Lincolnshire Echo ( 7/6/06 )

Ian Shipley's Tales of a gravedigger is packed with funny and terrifying stories.

He said there was always time for a practical joke - even in the cemetery.

There was the time when we found a manikin that someone had just chucked over the wall", he said. "We ripped the arms and legs off and stuck them in the top of a grave - it looked quite realistic". Unfortunately the little old lady who walked past it didn't have the same view - she did not see the funny side and had an absolute fit about it.

Mr. Shipley also said that the job made some of his co-workers a little nervous.

"A group of nuns walked through the graveyard every day. They're always in single file and they looked a bit strange, but they're just on their way to the local convent. We had one lad who convinced himself they were ghosts. Every morning he'd freeze when he saw them. He would close his eyes and not open them until they had passed - he wasn't joking he was genuinely scared".

The book describes the sickening regular occurrence of putting a foot through a coffin, leaving the digger ankle-deep in stagnant water and human remains. It also gives horrific accounts of the trauma of exhuming murdered children.

Review by James Newall.

Fortean Times magazine ( 2007 )

This chatty little book starts with the 150-year history of Newark cemetery, in which the author dug more than 2, 000 graves by hand over the last two decades.

We are soon in the grave with Shipley, fighting tree roots and worrying about water logging. Superstitions saturate the field, as illustrated when Shipley excavates three feet away from an original plague pit or digs in the dark.

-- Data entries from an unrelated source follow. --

(* Let $H$ be a finite-dimensional complex Hilbert space and let $\mathcal{Pos}(H)$ be the set of positive operators on $H$ (linear $A\colon H\to H$ with $\langle Ax,x\rangle\geq 0$ for all $x\in H$). Then $\mathcal{Pos}(H)$ is a module over the semiring $\mathbb{R}_{\geq 0}$ of non-negative reals, and the map $$\mathrm{hs}_{\mathcal{Pos}}\colon\mathcal{Pos}(H)\longrightarrow\mathcal{Pos}(H)^{*}=\big(\mathcal{Pos}(H)\multimap\mathbb{R}_{\geq0}\big),\qquad \mathrm{hs}_{\mathcal{Pos}}(A)(B)=\mathrm{tr}(AB),$$ is a well-defined isomorphism in $\mathbf{Mod}_{\mathbb{R}_{\geq0}}$, natural in $H$ in the sense that for every linear map $C\colon H\to K$ between finite-dimensional Hilbert spaces, $\mathcal{Pos}(C)^{*}\circ\mathrm{hs}_{\mathcal{Pos},K}=\mathrm{hs}_{\mathcal{Pos},H}\circ\mathcal{Pos}(C^\dagger)$, where $\mathcal{Pos}(C)^*(f)=f\circ\mathcal{Pos}(C)$. Moreover, the functors $\mathcal{Pos}\colon\mathbf{FdHilb}\to\mathbf{Mod}_{\mathbb{R}_{\geq0}}$ and $\mathcal{Pos}\colon\mathbf{FdHilb}^{\mathrm{op}}\to\mathbf{Mod}_{\mathbb{R}_{\geq0}}^{\mathrm{op}}$ together with these isomorphisms form a map of adjunctions (in the sense of Mac Lane, IV.7, with functor squares commuting up to the isomorphisms $\mathrm{hs}_{\mathcal{Pos}}$) from the adjunction $(-)^{\dagger}\dashv(-)^{\dagger}$ between $\mathbf{FdHilb}$ and $\mathbf{FdHilb}^{\mathrm{op}}$ to the adjunction $((-)\multimap\mathbb{R}_{\geq0})\dashv((-)\multimap\mathbb{R}_{\geq0})$ between $\mathbf{Mod}_{\mathbb{R}_{\geq0}}$ and $\mathbf{Mod}_{\mathbb{R}_{\geq0}}^{\mathrm{op}}$.
   Context: A module over a commutative semiring $S$ is a commutative monoid with a scalar multiplication $S\times M\to M$ that is additive in each argument, satisfies $1\bullet x=x$ and $(st)\bullet x=s\bullet(t\bullet x)$; $\mathbf{Mod}_S$ is the category of $S$-modules and $S$-linear maps, and $M\multimap N$ is the $S$-module of linear maps $M\to N$. The functor $(-)\multimap\mathbb{R}_{\geq0}\colon\mathbf{Mod}_{\mathbb{R}_{\geq0}}\to\mathbf{Mod}_{\mathbb{R}_{\geq0}}^{\mathrm{op}}$ (precomposition on maps) is adjoint to itself via swapping arguments. $\mathbf{FdHilb}$ is the category of finite-dimensional complex Hilbert spaces and linear maps; $C^\dagger$ is the adjoint of $C$; $(-)^\dagger\colon\mathbf{FdHilb}\to\mathbf{FdHilb}^{\mathrm{op}}$ is identity on objects, $C\mapsto C^\dagger$ on maps, and is self-adjoint. The functor $\mathcal{Pos}$ sends $C\colon H\to K$ to $\mathcal{Pos}(C)(A)=CAC^{\dagger}$. $\mathrm{tr}$ is the trace. *)

theory Defs
  imports "Jordan_Normal_Form.Schur_Decomposition"
begin

text \<open>Finite-dimensional complex Hilbert spaces are modelled (up to unitary isomorphism)
  as the spaces C^n with the standard inner product; linear maps C^n -> C^m are
  complex m x n matrices; the adjoint is the conjugate transpose (mat_adjoint).\<close>

definition hinner :: "complex vec \<Rightarrow> complex vec \<Rightarrow> complex" where
  "hinner u v = (\<Sum>i<dim_vec v. u $ i * cnj (v $ i))"

definition mtrace :: "complex mat \<Rightarrow> complex" where
  "mtrace A = (\<Sum>i<dim_row A. A $$ (i, i))"

definition Pos :: "nat \<Rightarrow> complex mat set" where
  "Pos n = {A \<in> carrier_mat n n. \<forall>x \<in> carrier_vec n.
             Im (hinner (A *\<^sub>v x) x) = 0 \<and> 0 \<le> Re (hinner (A *\<^sub>v x) x)}"

definition rsmult :: "real \<Rightarrow> complex mat \<Rightarrow> complex mat" where
  "rsmult r A = complex_of_real r \<cdot>\<^sub>m A"

text \<open>The dual module Pos(n) -o R>=0: R>=0-linear maps Pos(n) -> R>=0, represented
  extensionally (value 0 outside Pos n).\<close>
definition Pos_dual :: "nat \<Rightarrow> (complex mat \<Rightarrow> real) set" where
  "Pos_dual n = {f. (\<forall>A \<in> Pos n. 0 \<le> f A)
     \<and> (\<forall>A \<in> Pos n. \<forall>B \<in> Pos n. f (A + B) = f A + f B)
     \<and> (\<forall>r \<ge> 0. \<forall>A \<in> Pos n. f (rsmult r A) = r * f A)
     \<and> (\<forall>A. A \<notin> Pos n \<longrightarrow> f A = 0)}"

text \<open>hs_Pos(A)(B) = tr(AB) (the trace is shown to be real, see the theorem).\<close>
definition hs :: "nat \<Rightarrow> complex mat \<Rightarrow> complex mat \<Rightarrow> real" where
  "hs n A = (\<lambda>B. if B \<in> Pos n then Re (mtrace (A * B)) else 0)"

definition PosMap :: "complex mat \<Rightarrow> complex mat \<Rightarrow> complex mat" where
  "PosMap C A = C * A * mat_adjoint C"

definition dualmap :: "nat \<Rightarrow> (complex mat \<Rightarrow> 'b) \<Rightarrow> ('b \<Rightarrow> real)
                         \<Rightarrow> complex mat \<Rightarrow> real" where
  "dualmap n g f = (\<lambda>B. if B \<in> Pos n then f (g B) else 0)"

definition ev :: "nat \<Rightarrow> complex mat \<Rightarrow> (complex mat \<Rightarrow> real) \<Rightarrow> real" where
  "ev n A = (\<lambda>f. if f \<in> Pos_dual n then f A else 0)"

end

theory Submission
  imports Defs
begin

He worked with a man and then dug the grave of the 13-year old girl that man murdered. He has dug and reopened pauper's plots. He has of course been the butt of practical jokes, but has also seen poltergeist activity.

Shipley describes shining a light into the corner of a rediscovered vault like Carter discovering King Tut's tomb, and interring a coffin that wouldn't stay buried at sea The author doesn't stumble over any mouldering corpses, but he does recall a couple of exhumations and the reburial of dozens of remains from a crypt.

Shipley's no Indiana Jones, but there's some adventure here.